Please reproduce the full set of data below exactly.

========================

theorem proposition2p2:
  fixes meet join imp :: "'a \<Rightarrow> 'a \<Rightarrow> 'a" and L neg :: "'a \<Rightarrow> 'a" and zero one :: 'a
  assumes "finite (UNIV :: 'a set)"
    and "rough_algebra meet join imp L neg zero one"
    and "is_block UNIV (coapprox meet L neg) B"
  shows "\<exists>g s. is_glb meet B g \<and> is_lub meet B s \<and> B = {x. lle meet g x \<and> lle meet x s}"
proof -
  have "pre_rough_algebra meet join imp L neg zero one" "completely_distributive meet"
    using assms(2) unfolding rough_algebra_def by simp_all
  then interpret pre_rough meet join L neg zero one
    by (intro pre_rough_if_pre_rough_algebra)
  obtain g s where g: "is_glb meet B g" and s: "is_lub meet B s"
    using \<open>completely_distributive meet\<close> unfolding completely_distributive_def by meson
  have block: "B \<times> B \<subseteq> coapprox meet L neg"
    "\<And>B'. B \<subseteq> B' \<Longrightarrow> B' \<times> B' \<subseteq> coapprox meet L neg \<Longrightarrow> B' = B"
    using assms(3) unfolding is_block_def by auto
  obtain c where c: "\<forall>a \<in> B. L c \<sqsubseteq> a \<and> a \<sqsubseteq> M c"
    using coapprox_common_approximation[OF finite_subset[OF subset_UNIV assms(1)] block(1)] by blast
  define I where "I = {x. g \<sqsubseteq> x \<and> x \<sqsubseteq> s}"
  have "B \<subseteq> I"
    using g s unfolding I_def is_glb_def is_lub_def by blast
  moreover have "L c \<sqsubseteq> g" "s \<sqsubseteq> M c"
    using c g s unfolding is_glb_def is_lub_def by auto
  then have "I \<times> I \<subseteq> coapprox meet L neg"
    unfolding I_def by (intro coapprox_if_common_approximation) (blast intro: lat.order_trans)
  ultimately have "B = I" by (intro block(2)[symmetric])
  with g s show ?thesis unfolding I_def by blast
qed
lemma complete_run_legal_move:
  assumes "complete_run m mv" "t < length mv"
  obtains a b where "mv ! t = (a, b)" "a \<in> chips m" "b \<in> chips m" "a < b"
    "conf_at mv t a = move_site mv t" "conf_at mv t b = move_site mv t"
proof -
  obtain a b where ab: "mv ! t = (a, b)" by (cases "mv ! t")
  have "legal m (conf_at mv t) (mv ! t)" using assms by (simp add: complete_run_def)
  then show ?thesis using that ab by (simp add: legal_def move_site_def)
qed

lemma chips_at_conf_at:
  assumes "complete_run m mv" "t \<le> length mv"
  shows "int (chips_at m (conf_at mv t) s) = chip_count m (move_site mv) t s"
  using assms(2)
proof (induction t arbitrary: s)
  case 0
  have "conf_at mv 0 = (\<lambda>_. 0)" by (simp add: conf_at_def init_conf_def)
  then show ?case by (simp add: chips_at_def chip_count_def init_chips_def card_chips)
next
  case (Suc t)
  then have "t < length mv" by simp
  then obtain a b where ab: "mv ! t = (a, b)" "a \<in> chips m" "b \<in> chips m" "a < b"
    "conf_at mv t a = move_site mv t" "conf_at mv t b = move_site mv t"
    using complete_run_legal_move[OF assms(1)] by blast
  let ?p = "move_site mv t"
  have "conf_at mv (Suc t) = (conf_at mv t)(a := ?p - 1, b := ?p + 1)"
    using conf_at_Suc[OF \<open>t < length mv\<close>] ab by (simp add: fire_def)
  then show ?case
    using card_fire_pair[OF finite_chips ab(2,3) _ ab(5,6), of s] ab(4) Suc
    by (simp add: chips_at_def chip_count_Suc)
qed
lemma (in subobject_classifier) topos_power_object:
  assumes "topos C" "L \<in> Obj C"
  obtains E ev \<pi>1 \<pi>2 where "power_object C \<Omega> tr L E ev \<pi>1 \<pi>2"
proof -
  have products: "has_binary_products C" and ccc: "cartesian_closed C"
    using assms(1) unfolding topos_def cartesian_closed_def by blast+
  from ccc have exponentials: "\<forall>B\<in>Obj C. \<forall>D\<in>Obj C. \<exists>E ev \<pi>1 \<pi>2. is_product C E B \<pi>1 \<pi>2 \<and>
      ev \<in> hom C (Dom C \<pi>1) D \<and>
      (\<forall>A\<in>Obj C. \<forall>q1 q2. is_product C A B q1 q2 \<longrightarrow> (\<forall>f\<in>hom C (Dom C q1) D. \<exists>!g. g \<in> hom C A E \<and>
         (\<exists>h\<in>hom C (Dom C q1) (Dom C \<pi>1). \<pi>1 \<cdot> h = g \<cdot> q1 \<and> \<pi>2 \<cdot> h = q2 \<and> ev \<cdot> h = f)))"
    unfolding cartesian_closed_def by (rule conjunct2)
  have "\<Omega> \<in> Obj C"
    using Cod_in_Obj[OF true_in_Arr] by simp
  from exponentials[rule_format, OF assms(2) this] obtain E ev \<pi>1 \<pi>2
    where E: "is_product C E L \<pi>1 \<pi>2" and ev: "ev \<in> hom C (Dom C \<pi>1) \<Omega>"
      and transpose: "\<forall>A\<in>Obj C. \<forall>q1 q2. is_product C A L q1 q2 \<longrightarrow> (\<forall>f\<in>hom C (Dom C q1) \<Omega>.
        \<exists>!g. g \<in> hom C A E \<and>
          (\<exists>h\<in>hom C (Dom C q1) (Dom C \<pi>1). \<pi>1 \<cdot> h = g \<cdot> q1 \<and> \<pi>2 \<cdot> h = q2 \<and> ev \<cdot> h = f))"
    by (elim exE conjE) (rule that)
  have "power_object C \<Omega> tr L E ev \<pi>1 \<pi>2"
    by unfold_locales (fact products, fact E, fact ev, rule transpose[rule_format])
  then show thesis by (rule that)
qed

theorem corollary2:
  fixes C :: "('o, 'a) category"
  assumes "topos C"
  shows "strongly_amendable C"
  unfolding strongly_amendable_iff
proof
  fix tL assume tL: "tL \<in> Arr C"
  obtain \<Omega> tr where "subobject_classifier C \<Omega> tr"
    using topos_subobject_classifier[OF assms] .
  then interpret subobject_classifier C \<Omega> tr .
  have "Dom C tL \<in> Obj C" using tL by simp
  then obtain E ev \<pi>1 \<pi>2 where "power_object C \<Omega> tr (Dom C tL) E ev \<pi>1 \<pi>2"
    by (rule topos_power_object[OF assms])
  then interpret power_object C \<Omega> tr "Dom C tL" E ev \<pi>1 \<pi>2 .
  obtain d1 d2 s where "singleton_map C \<Omega> tr (Dom C tL) E ev \<pi>1 \<pi>2 d1 d2 s"
    by (rule singleton_mapE)
  then interpret singleton_map C \<Omega> tr "Dom C tL" E ev \<pi>1 \<pi>2 d1 d2 s .
  show "\<exists>t' \<beta>. strong_amendment C tL t' \<beta>"
    by (rule ex_strong_amendment) (simp add: tL)
qed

========================

PROBLEM SOLUTION:
theorem proposition2p2:
  fixes meet join imp :: "'a \<Rightarrow> 'a \<Rightarrow> 'a" and L neg :: "'a \<Rightarrow> 'a" and zero one :: 'a
  assumes "finite (UNIV :: 'a set)"
    and "rough_algebra meet join imp L neg zero one"
    and "is_block UNIV (coapprox meet L neg) B"
  shows "\<exists>g s. is_glb meet B g \<and> is_lub meet B s \<and> B = {x. lle meet g x \<and> lle meet x s}"
proof -
  have "pre_rough_algebra meet join imp L neg zero one" "completely_distributive meet"
    using assms(2) unfolding rough_algebra_def by simp_all
  then interpret pre_rough meet join L neg zero one
    by (intro pre_rough_if_pre_rough_algebra)
  obtain g s where g: "is_glb meet B g" and s: "is_lub meet B s"
    using \<open>completely_distributive meet\<close> unfolding completely_distributive_def by meson
  have block: "B \<times> B \<subseteq> coapprox meet L neg"
    "\<And>B'. B \<subseteq> B' \<Longrightarrow> B' \<times> B' \<subseteq> coapprox meet L neg \<Longrightarrow> B' = B"
    using assms(3) unfolding is_block_def by auto
  obtain c where c: "\<forall>a \<in> B. L c \<sqsubseteq> a \<and> a \<sqsubseteq> M c"
    using coapprox_common_approximation[OF finite_subset[OF subset_UNIV assms(1)] block(1)] by blast
  define I where "I = {x. g \<sqsubseteq> x \<and> x \<sqsubseteq> s}"
  have "B \<subseteq> I"
    using g s unfolding I_def is_glb_def is_lub_def by blast
  moreover have "L c \<sqsubseteq> g" "s \<sqsubseteq> M c"
    using c g s unfolding is_glb_def is_lub_def by auto
  then have "I \<times> I \<subseteq> coapprox meet L neg"
    unfolding I_def by (intro coapprox_if_common_approximation) (blast intro: lat.order_trans)
  ultimately have "B = I" by (intro block(2)[symmetric])
  with g s show ?thesis unfolding I_def by blast
qed
lemma complete_run_legal_move:
  assumes "complete_run m mv" "t < length mv"
  obtains a b where "mv ! t = (a, b)" "a \<in> chips m" "b \<in> chips m" "a < b"
    "conf_at mv t a = move_site mv t" "conf_at mv t b = move_site mv t"
proof -
  obtain a b where ab: "mv ! t = (a, b)" by (cases "mv ! t")
  have "legal m (conf_at mv t) (mv ! t)" using assms by (simp add: complete_run_def)
  then show ?thesis using that ab by (simp add: legal_def move_site_def)
qed

lemma chips_at_conf_at:
  assumes "complete_run m mv" "t \<le> length mv"
  shows "int (chips_at m (conf_at mv t) s) = chip_count m (move_site mv) t s"
  using assms(2)
proof (induction t arbitrary: s)
  case 0
  have "conf_at mv 0 = (\<lambda>_. 0)" by (simp add: conf_at_def init_conf_def)
  then show ?case by (simp add: chips_at_def chip_count_def init_chips_def card_chips)
next
  case (Suc t)
  then have "t < length mv" by simp
  then obtain a b where ab: "mv ! t = (a, b)" "a \<in> chips m" "b \<in> chips m" "a < b"
    "conf_at mv t a = move_site mv t" "conf_at mv t b = move_site mv t"
    using complete_run_legal_move[OF assms(1)] by blast
  let ?p = "move_site mv t"
  have "conf_at mv (Suc t) = (conf_at mv t)(a := ?p - 1, b := ?p + 1)"
    using conf_at_Suc[OF \<open>t < length mv\<close>] ab by (simp add: fire_def)
  then show ?case
    using card_fire_pair[OF finite_chips ab(2,3) _ ab(5,6), of s] ab(4) Suc
    by (simp add: chips_at_def chip_count_Suc)
qed
lemma (in subobject_classifier) topos_power_object:
  assumes "topos C" "L \<in> Obj C"
  obtains E ev \<pi>1 \<pi>2 where "power_object C \<Omega> tr L E ev \<pi>1 \<pi>2"
proof -
  have products: "has_binary_products C" and ccc: "cartesian_closed C"
    using assms(1) unfolding topos_def cartesian_closed_def by blast+
  from ccc have exponentials: "\<forall>B\<in>Obj C. \<forall>D\<in>Obj C. \<exists>E ev \<pi>1 \<pi>2. is_product C E B \<pi>1 \<pi>2 \<and>
      ev \<in> hom C (Dom C \<pi>1) D \<and>
      (\<forall>A\<in>Obj C. \<forall>q1 q2. is_product C A B q1 q2 \<longrightarrow> (\<forall>f\<in>hom C (Dom C q1) D. \<exists>!g. g \<in> hom C A E \<and>
         (\<exists>h\<in>hom C (Dom C q1) (Dom C \<pi>1). \<pi>1 \<cdot> h = g \<cdot> q1 \<and> \<pi>2 \<cdot> h = q2 \<and> ev \<cdot> h = f)))"
    unfolding cartesian_closed_def by (rule conjunct2)
  have "\<Omega> \<in> Obj C"
    using Cod_in_Obj[OF true_in_Arr] by simp
  from exponentials[rule_format, OF assms(2) this] obtain E ev \<pi>1 \<pi>2
    where E: "is_product C E L \<pi>1 \<pi>2" and ev: "ev \<in> hom C (Dom C \<pi>1) \<Omega>"
      and transpose: "\<forall>A\<in>Obj C. \<forall>q1 q2. is_product C A L q1 q2 \<longrightarrow> (\<forall>f\<in>hom C (Dom C q1) \<Omega>.
        \<exists>!g. g \<in> hom C A E \<and>
          (\<exists>h\<in>hom C (Dom C q1) (Dom C \<pi>1). \<pi>1 \<cdot> h = g \<cdot> q1 \<and> \<pi>2 \<cdot> h = q2 \<and> ev \<cdot> h = f))"
    by (elim exE conjE) (rule that)
  have "power_object C \<Omega> tr L E ev \<pi>1 \<pi>2"
    by unfold_locales (fact products, fact E, fact ev, rule transpose[rule_format])
  then show thesis by (rule that)
qed

theorem corollary2:
  fixes C :: "('o, 'a) category"
  assumes "topos C"
  shows "strongly_amendable C"
  unfolding strongly_amendable_iff
proof
  fix tL assume tL: "tL \<in> Arr C"
  obtain \<Omega> tr where "subobject_classifier C \<Omega> tr"
    using topos_subobject_classifier[OF assms] .
  then interpret subobject_classifier C \<Omega> tr .
  have "Dom C tL \<in> Obj C" using tL by simp
  then obtain E ev \<pi>1 \<pi>2 where "power_object C \<Omega> tr (Dom C tL) E ev \<pi>1 \<pi>2"
    by (rule topos_power_object[OF assms])
  then interpret power_object C \<Omega> tr "Dom C tL" E ev \<pi>1 \<pi>2 .
  obtain d1 d2 s where "singleton_map C \<Omega> tr (Dom C tL) E ev \<pi>1 \<pi>2 d1 d2 s"
    by (rule singleton_mapE)
  then interpret singleton_map C \<Omega> tr "Dom C tL" E ev \<pi>1 \<pi>2 d1 d2 s .
  show "\<exists>t' \<beta>. strong_amendment C tL t' \<beta>"
    by (rule ex_strong_amendment) (simp add: tL)
qed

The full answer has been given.